711.52/191: Telegram
The Ambassador in Spain (Weddell) to the Secretary of State
[Received September 17—9:35 a.m.]
834. My No. 831, September 15, 5 p.m. Personal for the Secretary and Under Secretary. I interpret our present policy toward Spain to be to avoid taking steps whose effect might be to push Spain into the arms of the Axis, not alone because of its strategic geographical position but also having in mind the detrimental effect on our own interests in Spanish America if the impression were created there that we were attempting to throttle Spain.
However, present delays and difficulties in obtaining from United States many products urgently needed by this country make me fearful lest we provoke the belief here and perhaps elsewhere that we are acting along unnecessarily restrictive and retaliatory lines; the apparently ever-increasing restrictions against exports are seemingly only fully applied against Spain and a few other countries. The importance of Spain as a non-belligerent with its present pseudo-neutrality is recognized, I am assured, by local British diplomatic, military and naval experts as worth a serious effort to maintain. The British have therefore adopted a policy of providing such limited economic aid as will encourage existing strong non-interventionist elements to withstand the pressure of the small jingoist group who believe that Spain’s future is linked with German success. Confidence in the invincibility of Germany has been seriously shaken by developments of recent months, not alone by the Russian campaign but also by the ever-increasing aid being given by the United States together with the recognition that we are rapidly reaching a stage where our effort will even more powerfully influence the outcome.

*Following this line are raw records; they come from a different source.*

(* Let $\mathcal{T}=(\mathcal{V},\mathcal{E})$ obey the LC-PF model and covariance assumption of the context, with $\Omega_p(c,c)+\Omega_q(c,c)>0$ for every non-root node $c$. Suppose $\mathcal{T}$ has a set $\mathcal{M}$ of $k$ pairwise non-adjacent missing non-root nodes, each of degree exactly $2$ in $\mathcal{T}$. Let $\mathcal{O}=\mathcal{V}\setminus\mathcal{M}$, and let $\mathcal{T}_{\mathcal{M}}$ be the minimum weight spanning tree of the complete graph on $\mathcal{O}$ with edge weights $\phi_{ab}$. Then $\mathcal{T}_{\mathcal{M}}$ is a tree on $|\mathcal{V}|-k$ nodes that contains exactly $k$ edges not present in $\mathcal{T}$, and exactly $2k$ edges of $\mathcal{T}$ are not edges of $\mathcal{T}_{\mathcal{M}}$.
   Context: $\mathcal{T}=(\mathcal{V},\mathcal{E})$ is a tree with a distinguished root (substation) of degree one. Each edge $(ab)$ has resistance $r_{ab}>0$ and reactance $x_{ab}>0$. Let $H_{1/r},H_{1/x}$ be the weighted Laplacians with edge weights $1/r_{ab}$, $1/x_{ab}$, with the root row and column removed. Non-root nodes have random injections $p_a,q_a$. The LC-PF model gives $v=H_{1/r}^{-1}p+H_{1/x}^{-1}q$ and $\theta=H_{1/x}^{-1}p-H_{1/r}^{-1}q$ at non-root nodes; the root voltage is constant. Covariance assumption: $\Omega_p,\Omega_q$ are the covariances of $p,q$, and $\Omega_{pq}=\mathbb{E}[(p-\mathbb{E}p)(q-\mathbb{E}q)^T]=\Omega_{qp}^T$. For distinct non-root $a,b$, $\Omega_p(a,b)=\Omega_q(a,b)=\Omega_{qp}(a,b)=0$, and $\Omega_{qp}(a,a)\ge0$. Define $\phi_{ab}=\mathbb{E}[((v_a-\mathbb{E}v_a)-(v_b-\mathbb{E}v_b))^2]$. *)

theory Defs
  imports "HOL-Probability.Probability"
begin

definition ugraph :: "'v set \<Rightarrow> 'v set set \<Rightarrow> bool" where
  "ugraph V E \<longleftrightarrow> (\<forall>e\<in>E. \<exists>a b. e = {a, b} \<and> a \<noteq> b \<and> a \<in> V \<and> b \<in> V)"

definition gconnected :: "'v set \<Rightarrow> 'v set set \<Rightarrow> bool" where
  "gconnected V E \<longleftrightarrow> (\<forall>a\<in>V. \<forall>b\<in>V. (\<lambda>x y. {x, y} \<in> E)\<^sup>*\<^sup>* a b)"

definition is_tree :: "'v set \<Rightarrow> 'v set set \<Rightarrow> bool" where
  "is_tree V E \<longleftrightarrow> finite V \<and> V \<noteq> {} \<and> ugraph V E \<and> gconnected V E \<and> card E = card V - 1"

definition degree :: "'v set set \<Rightarrow> 'v \<Rightarrow> nat" where
  "degree E a = card {b. b \<noteq> a \<and> {a, b} \<in> E}"

text \<open>Total weight of an edge set, for a symmetric pair weight w (each edge counted once).\<close>
definition tree_weight :: "'v set \<Rightarrow> 'v set set \<Rightarrow> ('v \<Rightarrow> 'v \<Rightarrow> real) \<Rightarrow> real" where
  "tree_weight Ob T w = (\<Sum>(a, b)\<in>{(a, b). a \<in> Ob \<and> b \<in> Ob \<and> a \<noteq> b \<and> {a, b} \<in> T}. w a b) / 2"

text \<open>Minimum weight spanning tree of the complete graph on Ob (every tree on Ob is a
  spanning tree of the complete graph on Ob).\<close>
definition is_MST :: "'v set \<Rightarrow> ('v \<Rightarrow> 'v \<Rightarrow> real) \<Rightarrow> 'v set set \<Rightarrow> bool" where
  "is_MST Ob w T \<longleftrightarrow> is_tree Ob T \<and> (\<forall>T'. is_tree Ob T' \<longrightarrow> tree_weight Ob T w \<le> tree_weight Ob T' w)"

definition laplacian :: "'v set set \<Rightarrow> ('v set \<Rightarrow> real) \<Rightarrow> 'v \<Rightarrow> 'v \<Rightarrow> real" where
  "laplacian E g a b =
     (if a = b then (\<Sum>e\<in>{e\<in>E. a \<in> e}. g e)
      else if {a, b} \<in> E then - g {a, b} else 0)"

text \<open>Inverse of the matrix H restricted to rows/columns in N (i.e. the Laplacian with the
  rt row and column removed when N = V - {rt}).\<close>
definition red_inv :: "'v set \<Rightarrow> ('v \<Rightarrow> 'v \<Rightarrow> real) \<Rightarrow> 'v \<Rightarrow> 'v \<Rightarrow> real" where
  "red_inv N H = (THE A. (\<forall>a b. A a b \<noteq> 0 \<longrightarrow> a \<in> N \<and> b \<in> N) \<and>
       (\<forall>a\<in>N. \<forall>b\<in>N. (\<Sum>c\<in>N. H a c * A c b) = (if a = b then 1 else 0)))"

definition lcpf_v :: "'v set \<Rightarrow> 'v set set \<Rightarrow> 'v \<Rightarrow> ('v set \<Rightarrow> real) \<Rightarrow> ('v set \<Rightarrow> real)
     \<Rightarrow> real \<Rightarrow> ('v \<Rightarrow> 'w \<Rightarrow> real) \<Rightarrow> ('v \<Rightarrow> 'w \<Rightarrow> real) \<Rightarrow> 'v \<Rightarrow> 'w \<Rightarrow> real" where
  "lcpf_v V E rt r x v0 p q a \<omega> =
     (if a = rt then v0
      else (\<Sum>b\<in>V - {rt}.
              red_inv (V - {rt}) (laplacian E (\<lambda>e. 1 / r e)) a b * p b \<omega>
            + red_inv (V - {rt}) (laplacian E (\<lambda>e. 1 / x e)) a b * q b \<omega>))"

definition cov :: "'w measure \<Rightarrow> ('w \<Rightarrow> real) \<Rightarrow> ('w \<Rightarrow> real) \<Rightarrow> real" where
  "cov M X Y = (\<integral>\<omega>. (X \<omega> - (\<integral>z. X z \<partial>M)) * (Y \<omega> - (\<integral>z. Y z \<partial>M)) \<partial>M)"

definition phi :: "'w measure \<Rightarrow> ('v \<Rightarrow> 'w \<Rightarrow> real) \<Rightarrow> 'v \<Rightarrow> 'v \<Rightarrow> real" where
  "phi M v a b = (\<integral>\<omega>. ((v a \<omega> - (\<integral>z. v a z \<partial>M)) - (v b \<omega> - (\<integral>z. v b z \<partial>M)))\<^sup>2 \<partial>M)"

end

theory Submission
  imports Defs
begin

text \<open>Root the tree at s0 through a parent map. The reduced Laplacian inverse then has the
  closed form H_{1/rho}^{-1}(a, b) = total rho-weight of the edges shared by the root paths of a
  and b, so with uncorrelated injections phi_ab is a sum over nodes d of nonnegative quadratic
  forms in the differences of these shared weights. Moving b towards u along the tree path from u
  to w only shrinks the shared edge sets involved, whence phi_ub < phi_uw: phi strictly increases
  along tree paths.

  Joining the unique child of every missing node to the missing node's parent gives a tree T_S on
  the observed nodes. An observed pair that is not an edge of T_S has an observed node strictly
  between them, so by induction every cut is crossed by a T_S edge strictly lighter than any
  non-T_S pair across it. By the exchange argument, T_S is the unique minimum spanning tree;
  it drops the 2k edges at the missing nodes and adds the k bypass edges.\<close>

section \<open>Rooted trees given by a parent map\<close>

lemma edge_rel_rtranclp_sym:
  assumes "(\<lambda>x y. {x, y} \<in> F)\<^sup>*\<^sup>* a b"
  shows "(\<lambda>x y. {x, y} \<in> F)\<^sup>*\<^sup>* b a"
proof -
  have "symp (\<lambda>x y. {x, y} \<in> F)" by (rule sympI) (simp add: insert_commute)
  then show ?thesis using assms by (blast dest: sympD[OF symp_rtranclp])
qed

These considerations have led to my repeated suggestions that we examine the Spanish situation in the light of its political and military [Page 916] significance, and that by following a procedure which will strengthen the conviction of those elements in the Government that more is to be gained from obtaining supplies from the democracies than by collaboration with the Axis, we have time working on our side. The friendly reception given by the Minister of Industry and Commerce to the idea of mutual sympathetic consideration of economic requirements by the two Governments, reported in my telegram No. 819, September 11, 7 p.m.,33 leads me to hope that some basis may be found for improving the commercial and ultimately the political relations between our two countries.

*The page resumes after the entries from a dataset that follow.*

lemma (in prob_space) measure_distributional_transform_distr_between_le:
  assumes [measurable]: "X \<in> borel_measurable M" and "a \<le> b"
  shows "measure (M \<Otimes>\<^sub>M unit_uniform) {p \<in> space (M \<Otimes>\<^sub>M unit_uniform).
           a \<le> distributional_transform (distr M borel X) (X (fst p)) (snd p)
           \<and> distributional_transform (distr M borel X) (X (fst p)) (snd p) \<le> b} \<le> b - a"
proof -
  define N where "N = distr M borel X"
  interpret N: real_distribution N unfolding N_def by simp
  interpret U: prob_space unit_uniform by (rule prob_space_unit_uniform)
  define E where "E = {q \<in> space (N \<Otimes>\<^sub>M unit_uniform).
                     a \<le> distributional_transform N (fst q) (snd q) \<and> distributional_transform N (fst q) (snd q) \<le> b}"
  have [measurable_cong]: "sets N = sets borel" by (simp add: N_def)
  have "E \<in> sets (N \<Otimes>\<^sub>M unit_uniform)" unfolding E_def by measurable
  then have E: "E \<in> sets (borel \<Otimes>\<^sub>M unit_uniform)"
    using sets_pair_measure_cong[OF \<open>sets N = sets borel\<close> refl] by simp
  have "N \<Otimes>\<^sub>M unit_uniform = distr (M \<Otimes>\<^sub>M unit_uniform) (borel \<Otimes>\<^sub>M unit_uniform) (\<lambda>(\<omega>, v). (X \<omega>, v))"
    using pair_measure_distr[of X M borel "\<lambda>v. v" unit_uniform unit_uniform]
    by (simp add: N_def U.sigma_finite_measure_axioms)
  then have "measure (N \<Otimes>\<^sub>M unit_uniform) E
      = measure (M \<Otimes>\<^sub>M unit_uniform) ((\<lambda>(\<omega>, v). (X \<omega>, v)) -` E \<inter> space (M \<Otimes>\<^sub>M unit_uniform))"
    using E by (simp add: measure_distr)
  also have "(\<lambda>(\<omega>, v). (X \<omega>, v)) -` E \<inter> space (M \<Otimes>\<^sub>M unit_uniform) = {p \<in> space (M \<Otimes>\<^sub>M unit_uniform).
           a \<le> distributional_transform N (X (fst p)) (snd p) \<and> distributional_transform N (X (fst p)) (snd p) \<le> b}"
    by (auto simp: E_def space_pair_measure)
  finally show ?thesis
    using N.measure_distributional_transform_between_le[OF assms(2)] by (simp add: E_def N_def)
qed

Unfavorable politics, economic effect here of the strict application of restrictions against exports to Spain of gasoline, cylinder oil and other petroleum products, far outweighs any disadvantages to the United States which the withdrawal of such commodities from our stocks and supply to Spain may occasion. Contrary to the fear lest small quantities of this might at some remote time benefit the Axis, I am convinced that the control we and the British can exercise can prevent any appreciable stocks from falling into the hands of the Axis even in the event of an invasion, and meanwhile they would contribute to the desirable ends indicated above.
In conclusion I give as my considered opinion that our ability to supply and to withhold such petroleum products represent the trump cards in our political and economic relations with Spain; but I do not consider this the psychological moment to play the latter.
In view of the apparent intervention of various agencies of our Government in the application of control measures I venture to suggest: “(1) That the tremendous implications of our policy toward Spain be given consideration by the economic defense board; (2) that in such a study the necessity of the coordination of export license and navicerts be equally kept in mind.”